### What you will do
Identify every line in the records below that contains the word "norm", and reproduce each one.

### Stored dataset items
theorem mainTheorem7:
  fixes k kp kpp :: "real \<Rightarrow> real" and m1 m2 T :: real
    and Vs :: "slow set" and A B C :: "real set"
  assumes k_deriv: "\<And>x. (k has_real_derivative kp x) (at x)"
    and kp_deriv: "\<And>x. (kp has_real_derivative kpp x) (at x)"
    and kpp_cont: "continuous_on UNIV kpp"
    and k_zero: "\<And>x. x \<ge> 1 \<Longrightarrow> k x = 0"
    and kp_neg: "\<And>x. x < 1 \<Longrightarrow> kp x < 0"
    and masses: "m1 > 0" "m2 > 0"
    and T_pos: "T > 0"
    and V_compact: "compact Vs"
    and ABC: "compact A" "A \<subseteq> {0<..<1}" "compact B" "compact C" "C \<subseteq> {0<..<k 0}"
    and V_sub: "\<And>X W E1 E2. (X, W, E1, E2) \<in> Vs \<Longrightarrow> X \<in> A \<and> W \<in> B \<and> E1 \<in> C \<and> E2 \<in> C"
  shows "\<exists>\<delta>0 > 0. \<exists>\<epsilon>1 > 0. \<exists>Cst > 0.
    \<forall>\<delta> \<in> {0<..\<delta>0}. \<forall>\<epsilon> \<in> {0<..\<epsilon>1}. \<forall>(z :: real \<Rightarrow> phase) (hb :: real \<Rightarrow> slow).
      (\<forall>t \<ge> 0. (z has_vector_derivative field kp m1 m2 \<epsilon> \<delta> (z t)) (at t within {0..}))
      \<and> fst (snd (snd (z 0))) < fst (z 0)
      \<and> fst (z 0) < fst (snd (snd (snd (snd (z 0)))))
      \<and> slowvars k m1 m2 \<epsilon> \<delta> (z 0) \<in> Vs
      \<and> hb 0 = slowvars k m1 m2 \<epsilon> \<delta> (z 0)
      \<and> (\<forall>\<tau> \<in> {0..T}. (\<forall>s \<in> {0..\<tau>}. hb s \<in> Vs) \<longrightarrow>
           (\<forall>s \<in> {0..\<tau>}. (hb has_vector_derivative Hbar k m1 m2 \<delta> (hb s)) (at s within {0..\<tau>})))
      \<longrightarrow> (\<forall>T' TT. 0 \<le> T' \<and> T' \<le> TT
              \<and> TT \<le> cutoff Vs T hb (\<lambda>t. slowvars k m1 m2 \<epsilon> \<delta> (z t)) \<epsilon> / \<epsilon>
            \<longrightarrow> norm (integral {T'..TT} (\<lambda>s. Hfield kp \<epsilon> \<delta> (z s))) \<le> Cst * max 1 (TT - T'))"
proof -
  interpret soft_core_potential k kp
    using k_deriv k_zero kp_neg kp_deriv
    by unfold_locales (auto intro!: continuous_at_imp_continuous_on DERIV_isCont)
  obtain a where "0 < a" and a: "\<And>X. X \<in> A \<Longrightarrow> a \<le> X \<and> X \<le> 1 - a"
    using compact_subset_unit_interval_margin[OF ABC(1,2)] by blast
  obtain b where "0 < b" and b: "\<And>W. W \<in> B \<Longrightarrow> \<bar>W\<bar> \<le> b"
    using compact_imp_bounded[OF ABC(3)] by (auto simp: bounded_pos)
  have Vs_bounds: "a \<le> X \<and> X \<le> 1 - a \<and> \<bar>W\<bar> \<le> b \<and> E1 < k 0 \<and> E2 < k 0" if "(X, W, E1, E2) \<in> Vs" for X W E1 E2
    using V_sub[OF that] a b ABC(5) by auto
  define Cst where "Cst = b + (1 + b) * (4 / a) * (m1 + m2 + 6 * k 0)"
  have "0 < Cst"
    unfolding Cst_def using \<open>0 < a\<close> \<open>0 < b\<close> masses k_nonneg[of 0] by (auto intro!: add_pos_nonneg)
  have bound: "norm (integral {T'..TT} (\<lambda>s. Hfield kp \<epsilon> \<delta> (z s))) \<le> Cst * max 1 (TT - T')"
    if "\<delta> \<in> {0<..a / 4}" "\<epsilon> \<in> {0<..1}"
      and "\<forall>t \<ge> 0. (z has_vector_derivative field kp m1 m2 \<epsilon> \<delta> (z t)) (at t within {0..})"
      and "0 \<le> T'" "T' \<le> TT" "TT \<le> cutoff Vs T hb (\<lambda>t. slowvars k m1 m2 \<epsilon> \<delta> (z t)) \<epsilon> / \<epsilon>"
    for \<delta> \<epsilon> z hb T' TT
    unfolding Cst_def using that masses T_pos \<open>0 < b\<close>
    by (intro Hfield_integral_bound_before_cutoff[OF _ _ _ _ _ _ _ Vs_bounds]) auto
  show ?thesis
    by (rule exI[of _ "a / 4"], rule conjI, simp add: \<open>0 < a\<close>, rule exI[of _ "1::real"], rule conjI, simp,
        rule exI[of _ Cst], rule conjI, fact)
      (use bound in blast)
qed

### Your solution
            \<longrightarrow> norm (integral {T'..TT} (\<lambda>s. Hfield kp \<epsilon> \<delta> (z s))) \<le> Cst * max 1 (TT - T'))"
  have bound: "norm (integral {T'..TT} (\<lambda>s. Hfield kp \<epsilon> \<delta> (z s))) \<le> Cst * max 1 (TT - T')"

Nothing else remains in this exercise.